You can apply for a mortgage modification where you can make your regular payment now, but you can’t catch up on the overdue amount. In this case, the lender may agree to modify your mortgage.

One solution is to add the overdue amount to your existing loan, financing it for the long term. This is a very popular method.

It can also be changed if you no longer have the ability to make payments at the previous level. The lender can modify your mortgage to extend the length of your loan.

For example, if you have 25 years left on your loan, they can extend it to 28 years to help.

You may want to sell your home to save your credit. If you can’t catch up and you let the lender know you’re selling, they may agree to stay the foreclosure to give you time to try to sell your home.

If none of that works….

If you can afford the regular monthly mortgage payment, but can’t afford to make up the delinquent amount and legal fees because the lender offers a relatively strict repayment plan, you may want to consider filing for Chapter 13 bankruptcy.

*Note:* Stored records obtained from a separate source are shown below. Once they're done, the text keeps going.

(* Let $\mathcal{A},\widetilde{\mathcal{A}}$ be finite alphabets, $\pi:\mathcal{A}\to\widetilde{\mathcal{A}}$ a map, $D\geq1$, $\mathcal{F}\subseteq\mathcal{A}^{[\![1,D]\!]^2}$, $R\geq D$, and $M\subseteq\mathcal{A}^{[\![1,R]\!]^2}$ the set of locally $\mathcal{F}$-admissible patterns of size $R$. Assume that every $w\in M$ is vertically aligned after projection: $\pi(w(i,j))=\pi(w(i,j'))$ for all $i,j,j'\in[\![1,R]\!]$. Let $\mu$ be an ergodic shift-invariant probability measure with $\mu(\Sigma^2(\mathcal{A})\setminus[M])\leq\epsilon$ for some $\epsilon\in[0,1/2]$. Let $\widetilde{\mathcal{G}}=\{\widetilde G_a:a\in\widetilde{\mathcal{A}}\}$ with $\widetilde G_a=\{x:\pi(x(0))=a\}$ and $\mathcal{U}=\{[M],\Sigma^2(\mathcal{A})\setminus[M]\}$. Then (1) $\limsup_{n\to\infty}\frac{1}{n^2}H\big(\mathcal{U}^{[\![0,n-R]\!]^2},\mu\big)\leq H(\epsilon)$; (2) $\limsup_{n\to\infty}\frac{1}{n^2}H\big(\widetilde{\mathcal{G}}^{[\![1,n]\!]^2}\mid\mathcal{U}^{[\![0,n-R]\!]^2},\mu\big)\leq\big(\frac{8}{R}+\epsilon\big)\ln(\mathrm{card}(\widetilde{\mathcal{A}}))$, where $H(\epsilon)=-\epsilon\ln\epsilon-(1-\epsilon)\ln(1-\epsilon)$ (with $H(0)=0$).
   Context: A pattern $w\in\mathcal{A}^{[\![1,R]\!]^2}$ is locally $\mathcal{F}$-admissible if $(\sigma^u w)|_{[\![1,D]\!]^2}\notin\mathcal{F}$ for all $u\in[\![0,R-D]\!]^2$, where $\sigma^u(w)(v)=w(u+v)$. $[M]=\{x\in\mathcal{A}^{\mathbb{Z}^2}:x|_{[\![1,R]\!]^2}\in M\}$. For a partition $\mathcal{P}$ and finite $S\subseteq\mathbb{Z}^2$, $\mathcal{P}^S=\bigvee_{u\in S}\sigma^{-u}\mathcal{P}$; $H(\mathcal{P},\mu)=-\sum_{P}\mu(P)\ln\mu(P)$ and $H(\mathcal{P}\mid\mathcal{Q},\mu)$ is the conditional entropy. *)

theory Defs
  imports "HOL-Probability.Probability"
begin

type_synonym 'a config = "int \<times> int \<Rightarrow> 'a"

definition box2 :: "int \<Rightarrow> int \<Rightarrow> (int \<times> int) set" where
  "box2 a b = {a..b} \<times> {a..b}"

definition vadd :: "int \<times> int \<Rightarrow> int \<times> int \<Rightarrow> int \<times> int" where
  "vadd u v = (fst u + fst v, snd u + snd v)"

definition shift :: "int \<times> int \<Rightarrow> 'a config \<Rightarrow> 'a config" where
  "shift u x = (\<lambda>v. x (vadd u v))"

definition full_shift :: "'a config measure" where
  "full_shift = PiM UNIV (\<lambda>_. count_space UNIV)"

definition patterns :: "nat \<Rightarrow> 'a config set" where
  "patterns R = PiE (box2 1 (int R)) (\<lambda>_. UNIV)"

definition locally_admissible :: "'a config set \<Rightarrow> nat \<Rightarrow> nat \<Rightarrow> 'a config \<Rightarrow> bool" where
  "locally_admissible F D R w \<longleftrightarrow> w \<in> patterns R \<and>
     (\<forall>u \<in> box2 0 (int R - int D). restrict (shift u w) (box2 1 (int D)) \<notin> F)"

definition cyl :: "nat \<Rightarrow> 'a config set \<Rightarrow> 'a config set" where
  "cyl R M = {x. restrict x (box2 1 (int R)) \<in> M}"

definition shift_invariant :: "'a config measure \<Rightarrow> bool" where
  "shift_invariant \<mu> \<longleftrightarrow> (\<forall>u. shift u \<in> \<mu> \<rightarrow>\<^sub>M \<mu> \<and>
      (\<forall>A \<in> sets \<mu>. emeasure \<mu> (shift u -` A \<inter> space \<mu>) = emeasure \<mu> A))"

definition ergodic :: "'a config measure \<Rightarrow> bool" where
  "ergodic \<mu> \<longleftrightarrow> (\<forall>A \<in> sets \<mu>. (\<forall>u. shift u -` A \<inter> space \<mu> = A) \<longrightarrow>
      measure \<mu> A = 0 \<or> measure \<mu> A = 1)"

text \<open>A finite partition is represented by a labelling function f; its cells are
  the nonempty fibres f^{-1}(y).\<close>
definition part_entropy :: "'x measure \<Rightarrow> ('x \<Rightarrow> 'l) \<Rightarrow> real" where
  "part_entropy \<mu> f = - (\<Sum>y \<in> f ` space \<mu>.
      measure \<mu> (f -` {y} \<inter> space \<mu>) * ln (measure \<mu> (f -` {y} \<inter> space \<mu>)))"
lemma x_at_eq_in_strip: assumes k: "1 \<le> k" "k \<le> n" and e: "e \<in> edges G" and f: "f \<in> edges G" and ne: "e \<noteq> f"
  and h: "ys k \<le> h" "h \<le> ys (k-1)"
  and se: "height (tgt G e) \<le> h" "h \<le> height (src G e)" and sf: "height (tgt G f) \<le> h" "h \<le> height (src G f)"
  and eq: "x_at e h = x_at f h"
  shows "\<exists>v\<in>strip k. (v = src G e \<or> v = tgt G e) \<and> (v = src G f \<or> v = tgt G f)"
proof -
  obtain w where w: "pV w = (x_at e h, h)" "w = src G e \<or> w = tgt G e" "w = src G f \<or> w = tgt G f"
    using x_at_eq_imp_common_vertex[OF e f ne se sf eq] by blast
  have wv: "w \<in> verts G" using w edge_ends[OF e] by auto
  have hw: "height w = h" using w by simp
  have "degree G w \<noteq> 1" using degree_one_unique_edge[OF _ e f w(2) w(3)] ne by auto
  moreover have "k - 1 \<le> n" using k by simp
  ultimately have "height w \<noteq> ys k" "height w \<noteq> ys (k-1)"
    using on_line_degree_one[OF wv, of k] on_line_degree_one[OF wv, of "k-1"] k by blast+
  then have "w \<in> strip k" using strip_internalI[OF wv k] hw h by auto
  then show ?thesis using w by auto
qed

This temporarily stops the foreclosure process. The mortgage lender may have to agree to a more borrower-friendly repayment plan, such as one that allows five years to pay off the arrears instead of one or two.

If you just need a little extra time to sell your home, consider refinancing through a “hard money” loan.

Although they have very high fees and commissions, loans, usually from individuals, can give people the extra couple of months they need to find buyers. Most banks will be more than happy to take cash, no matter how close the foreclosure sale is too. If a family member steps in with $10,000 to upgrade the loan, the borrower can usually just hand it over to the lender and go back to business as usual.

You must understand that late mortgage payments are very serious. Even if they want to work it out with you, the lender won’t let you simply negotiate a payment plan to catch up with the file review.

Plan to share with them all the details of your current financial situation, including income and expenses.

Open communication and compliance with the agreement you reach is the key to saving your home from foreclosure.